During regular world-wide conference calls with staff, recent security incidents are discussed. “We find employees are much more receptive to learning when they feel its not a theoretical thing,” he said, “and when they hear it happened to someone in their office, someone they know, it’s more impactful.”
“Most organizations are doing traditional computer-based learning that in my opinion doesn’t have much positive impact. Fifteen minutes at a company meeting about incidents that happened to you are far more effective than an hour with PowerPoints where you have to click and say, ‘I agree,’ so HR can say you’ve had the training.”
”Don’t expect cyber security [training] to spread equally thin throughout the entire company, because you’re not going to have the budget to do everything you want. Focus on [departments] where the risk is.”
Greg Young, Ottawa-based vice-president of security at Trend Micro.
“Creativity” is the word he uses to describe what’s needed in any awareness program. “Anything you can do to shake it up” is valuable, including communicating the message that security is part of the work of employees in as many ways as possible: Email, posters, a Slack feed, newsletters and general staff meetings.

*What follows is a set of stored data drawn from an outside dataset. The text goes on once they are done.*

definition cp_lambda :: "real \<Rightarrow> (nat \<Rightarrow> nat) \<Rightarrow> (nat \<Rightarrow> real) \<Rightarrow> nat \<Rightarrow> real" where
  "cp_lambda S N \<theta> k =
     ((\<Sum>i=1..k. real (N i) * sqrt (\<theta> i)) / (S + (\<Sum>i=1..k. real (N i)))) ^ 2"

definition K_cp :: "nat \<Rightarrow> real \<Rightarrow> (nat \<Rightarrow> nat) \<Rightarrow> (nat \<Rightarrow> real) \<Rightarrow> nat" where
  "K_cp I S N \<theta> = Max {k \<in> {1..I}. \<theta> k > cp_lambda S N \<theta> k}"

end

theory Submission imports Defs begin

text \<open>Lagrangian duality with shadow price \<open>\<lambda>\<^sup>* = m\<^sup>2\<close> for the resource. A user of type \<open>\<theta>\<close>
  facing price \<open>p\<close> pays \<open>p s\<close> and costs \<open>m\<^sup>2 s\<close>; maximising \<open>(p - m\<^sup>2) (\<theta>/p - 1)\<^sup>+\<close> over \<open>p\<close>
  gives \<open>((\<surd>\<theta> - m)\<^sup>+)\<^sup>2\<close>, attained at \<open>p = m \<surd>\<theta>\<close>. Hence every feasible revenue is at most
  \<open>m\<^sup>2 S + \<Sum>\<^sub>i N\<^sub>i ((\<surd>\<theta>\<^sub>i - m)\<^sup>+)\<^sup>2\<close>, for every \<open>m\<close>. The prices of the theorem attain this bound
  as soon as they exhaust the resource, and the choice of \<open>K\<^sup>c\<^sup>p\<close> is exactly what makes
  \<open>m = \<surd>\<lambda>\<^sup>*\<close> separate the served groups (\<open>\<surd>\<theta>\<^sub>i > m\<close>) from the others (\<open>\<surd>\<theta>\<^sub>i \<le> m\<close>).\<close>

lemma price_mult_demand_le:
  fixes q t m :: real
  assumes "q > 0"
  shows "q * pos_part (t / q - 1) \<le> m\<^sup>2 * pos_part (t / q - 1) + (pos_part (sqrt t - m))\<^sup>2"
proof (cases "t / q - 1 \<le> 0")
  case True
  then show ?thesis by (simp add: pos_part_def)
next
  case False
  then have s: "pos_part (t / q - 1) = t / q - 1" and "q < t"
    using assms by (auto simp: pos_part_def field_simps)
  then have "t > 0" using assms by simp
  show ?thesis
  proof (cases "sqrt t \<le> m")
    case True
    then have "t \<le> m\<^sup>2" by (rule sqrt_le_D)
    then have "q * (t / q - 1) \<le> m\<^sup>2 * (t / q - 1)"
      using \<open>q < t\<close> \<open>\<not> t / q - 1 \<le> 0\<close> by (intro mult_right_mono) auto
    then show ?thesis
      using True s by (simp add: pos_part_def)
  next
    case False
    have "sqrt t * sqrt t = t" using \<open>t > 0\<close> by simp
    then have "q * (m\<^sup>2 * (t / q - 1) + (sqrt t - m)\<^sup>2) - q * (q * (t / q - 1)) = (q - m * sqrt t)\<^sup>2"
      using assms by (simp add: algebra_simps power2_eq_square)
    then have "q * (q * (t / q - 1)) \<le> q * (m\<^sup>2 * (t / q - 1) + (sqrt t - m)\<^sup>2)"
      by (metis diff_ge_0_iff_ge zero_le_power2)
    then show ?thesis
      using assms False s by (simp add: pos_part_def)
  qed
qed

lemma cp_revenue_le_dual_bound:
  assumes "cp_feasible I S N \<theta> p s n"
  shows "cp_revenue I p s n \<le> m\<^sup>2 * S + (\<Sum>i=1..I. real (N i) * (pos_part (sqrt (\<theta> i) - m))\<^sup>2)"
proof -
  have term_le: "real (n i) * p i * s i \<le> m\<^sup>2 * (real (n i) * s i) + real (N i) * (pos_part (sqrt (\<theta> i) - m))\<^sup>2"
    if i: "i \<in> {1..I}" for i
  proof -
    have "p i > 0" and s: "s i = pos_part (\<theta> i / p i - 1)" and "n i \<le> N i"
      using assms i by (auto simp: cp_feasible_def)
    have "real (n i) * (p i * s i) \<le> real (n i) * (m\<^sup>2 * s i + (pos_part (sqrt (\<theta> i) - m))\<^sup>2)"
      using price_mult_demand_le[OF \<open>p i > 0\<close>] s by (intro mult_left_mono) auto
    moreover have "real (n i) * (pos_part (sqrt (\<theta> i) - m))\<^sup>2 \<le> real (N i) * (pos_part (sqrt (\<theta> i) - m))\<^sup>2"
      using \<open>n i \<le> N i\<close> by (intro mult_right_mono) auto
    ultimately show ?thesis by (simp add: algebra_simps)
  qed
  have "cp_revenue I p s n \<le> (\<Sum>i=1..I. m\<^sup>2 * (real (n i) * s i) + real (N i) * (pos_part (sqrt (\<theta> i) - m))\<^sup>2)"
    unfolding cp_revenue_def by (rule sum_mono) (rule term_le)
  also have "\<dots> = m\<^sup>2 * (\<Sum>i=1..I. real (n i) * s i) + (\<Sum>i=1..I. real (N i) * (pos_part (sqrt (\<theta> i) - m))\<^sup>2)"
    by (simp add: sum.distrib sum_distrib_left)
  also have "\<dots> \<le> m\<^sup>2 * S + (\<Sum>i=1..I. real (N i) * (pos_part (sqrt (\<theta> i) - m))\<^sup>2)"
    using assms by (intro add_right_mono mult_left_mono) (auto simp: cp_feasible_def)
  finally show ?thesis .
qed

lemma sum_atLeastAtMost_if_le:
  fixes f :: "nat \<Rightarrow> 'a::comm_monoid_add"
  assumes "K \<le> I"
  shows "(\<Sum>i=1..I. if i \<le> K then f i else 0) = (\<Sum>i=1..K. f i)"
proof -
  have "{1..I} \<inter> {i. i \<le> K} = {1..K}" using assms by auto
  then show ?thesis by (simp add: sum.If_cases)
qed

lemma cp_optimal_threshold_prices:
  fixes m :: real
  assumes "m > 0" and "K \<le> I"
    and high: "\<forall>i\<in>{1..K}. m < sqrt (\<theta> i)"
    and low: "\<forall>i\<in>{K<..I}. sqrt (\<theta> i) \<le> m"
    and pos: "\<forall>i\<in>{1..I}. \<theta> i > 0"
    and budget: "(\<Sum>i=1..K. real (N i) * (sqrt (\<theta> i) / m - 1)) = S"
  shows "cp_optimal I S N \<theta>
      (\<lambda>i. if i \<le> K then sqrt (\<theta> i) * m else \<theta> i)
      (\<lambda>i. if i \<le> K then sqrt (\<theta> i) / m - 1 else 0) N"
    (is "cp_optimal I S N \<theta> ?p ?s N")
proof -
  have demand: "?s i = pos_part (\<theta> i / ?p i - 1) \<and> ?s i \<ge> 0" if "i \<in> {1..I}" for i
  proof (cases "i \<le> K")
    case True
    then have "m < sqrt (\<theta> i)" using high that by simp
    have "sqrt (\<theta> i) * sqrt (\<theta> i) = \<theta> i" using pos that by (simp add: less_imp_le)
    then have "\<theta> i / ?p i = (sqrt (\<theta> i) * sqrt (\<theta> i)) / (sqrt (\<theta> i) * m)"
      using True by simp
    also have "\<dots> = sqrt (\<theta> i) / m"
      using \<open>m < sqrt (\<theta> i)\<close> \<open>m > 0\<close> by (intro nonzero_mult_divide_mult_cancel_left) auto
    finally have "\<theta> i / ?p i = sqrt (\<theta> i) / m" .
    moreover have "1 < sqrt (\<theta> i) / m" using \<open>m < sqrt (\<theta> i)\<close> \<open>m > 0\<close> by simp
    ultimately show ?thesis using True by (simp add: pos_part_def)
  next
    case False
    then show ?thesis using pos that by (simp add: pos_part_def)
  qed
  have spent: "(\<Sum>i=1..I. real (N i) * ?s i) = S"
    using sum_atLeastAtMost_if_le[OF \<open>K \<le> I\<close>, of "\<lambda>i. real (N i) * (sqrt (\<theta> i) / m - 1)"] budget
    by (simp add: if_distrib cong: if_cong)
  have feasible: "cp_feasible I S N \<theta> ?p ?s N"
    unfolding cp_feasible_def
  proof (intro conjI ballI)
    fix i assume "i \<in> {1..I}"
    then show "?p i > 0" and "N i \<le> N i" using pos \<open>m > 0\<close> by auto
    show "?s i \<ge> 0" and "?s i = pos_part (\<theta> i / ?p i - 1)" using demand[OF \<open>i \<in> {1..I}\<close>] by auto
  qed (use spent in simp)
  have attained: "real (N i) * ?p i * ?s i
      = m\<^sup>2 * (real (N i) * ?s i) + real (N i) * (pos_part (sqrt (\<theta> i) - m))\<^sup>2"
    if "i \<in> {1..I}" for i
  proof (cases "i \<le> K")
    case True
    have factor: "(r * m) * (r / m - 1) = m\<^sup>2 * (r / m - 1) + (r - m)\<^sup>2" for r
      using \<open>m > 0\<close> by (simp add: field_simps power2_eq_square)
    have served: "pos_part (sqrt (\<theta> i) - m) = sqrt (\<theta> i) - m"
      using True high that by (simp add: pos_part_def)
    have "real (N i) * ?p i * ?s i = real (N i) * ((sqrt (\<theta> i) * m) * (sqrt (\<theta> i) / m - 1))"
      using True by simp
    also have "\<dots> = real (N i) * (m\<^sup>2 * (sqrt (\<theta> i) / m - 1) + (pos_part (sqrt (\<theta> i) - m))\<^sup>2)"
      unfolding factor served ..
    finally show ?thesis
      using True by (simp add: ring_distribs mult.left_commute)
  next
    case False
    then show ?thesis using low that by (simp add: pos_part_def)
  qed
  have "cp_revenue I ?p ?s N
      = (\<Sum>i=1..I. m\<^sup>2 * (real (N i) * ?s i) + real (N i) * (pos_part (sqrt (\<theta> i) - m))\<^sup>2)"
    unfolding cp_revenue_def by (rule sum.cong) (simp_all add: attained)
  also have "\<dots> = m\<^sup>2 * S + (\<Sum>i=1..I. real (N i) * (pos_part (sqrt (\<theta> i) - m))\<^sup>2)"
    by (simp add: sum.distrib spent[symmetric] sum_distrib_left)
  finally show ?thesis
    using feasible cp_revenue_le_dual_bound unfolding cp_optimal_def by metis
qed

definition cp_level :: "real \<Rightarrow> (nat \<Rightarrow> nat) \<Rightarrow> (nat \<Rightarrow> real) \<Rightarrow> nat \<Rightarrow> real" where
  "cp_level S N \<theta> k = (\<Sum>i=1..k. real (N i) * sqrt (\<theta> i)) / (S + (\<Sum>i=1..k. real (N i)))"

lemma cp_lambda_eq_cp_level_sq: "cp_lambda S N \<theta> k = (cp_level S N \<theta> k)\<^sup>2"
  by (simp add: cp_lambda_def cp_level_def)

lemma cp_level_nonneg:
  assumes "S > 0" and "\<forall>i\<in>{1..k}. \<theta> i \<ge> 0"
  shows "cp_level S N \<theta> k \<ge> 0"
  using assms unfolding cp_level_def
  by (intro divide_nonneg_pos sum_nonneg add_pos_nonneg) auto

lemma cp_level_pos:
  assumes "S > 0" and "1 \<le> k" and "N 1 > 0" and "\<theta> 1 > 0" and "\<forall>i\<in>{1..k}. \<theta> i \<ge> 0"
  shows "cp_level S N \<theta> k > 0"
proof -
  have "(\<Sum>i=1..k. real (N i) * sqrt (\<theta> i)) > 0"
    using assms by (intro sum_pos2[where i = 1]) auto
  then show ?thesis
    using assms unfolding cp_level_def by (intro divide_pos_pos add_pos_nonneg sum_nonneg) auto
qed

lemma cp_level_budget:
  assumes "S > 0" and "cp_level S N \<theta> k > 0"
  shows "(\<Sum>i=1..k. real (N i) * (sqrt (\<theta> i) / cp_level S N \<theta> k - 1)) = S"
proof -
  define A where "A = (\<Sum>i=1..k. real (N i) * sqrt (\<theta> i))"
  define B where "B = (\<Sum>i=1..k. real (N i))"
  have level: "cp_level S N \<theta> k = A / (S + B)" by (simp add: cp_level_def A_def B_def)
  have "S + B > 0" using assms(1) unfolding B_def by (intro add_pos_nonneg sum_nonneg) auto
  moreover have "A \<noteq> 0" using assms(2) level by auto
  moreover have "(\<Sum>i=1..k. real (N i) * (sqrt (\<theta> i) / cp_level S N \<theta> k - 1))
      = A / cp_level S N \<theta> k - B"
    by (simp add: A_def B_def algebra_simps sum_subtractf sum_divide_distrib)
  ultimately show ?thesis by (simp add: level)
qed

Even long-time employees need refresher courses, he adds.
Managers also have to be aware of emerging but unsafe technology that staff might want to sign up for, and offer a secure alternative (for example, instead of using company X’s cloud storage, use this one).
Rewarding staff for doing good security-related work – including a reward for developers who write code with no vulnerabilities – is a strategy he applauds. Another is giving them security tools for their home computers (like free antivirus) to help staff understand security awareness takes place everywhere.
Finally, remember that while October is cyber security awareness month, don’t take the rest of the year off.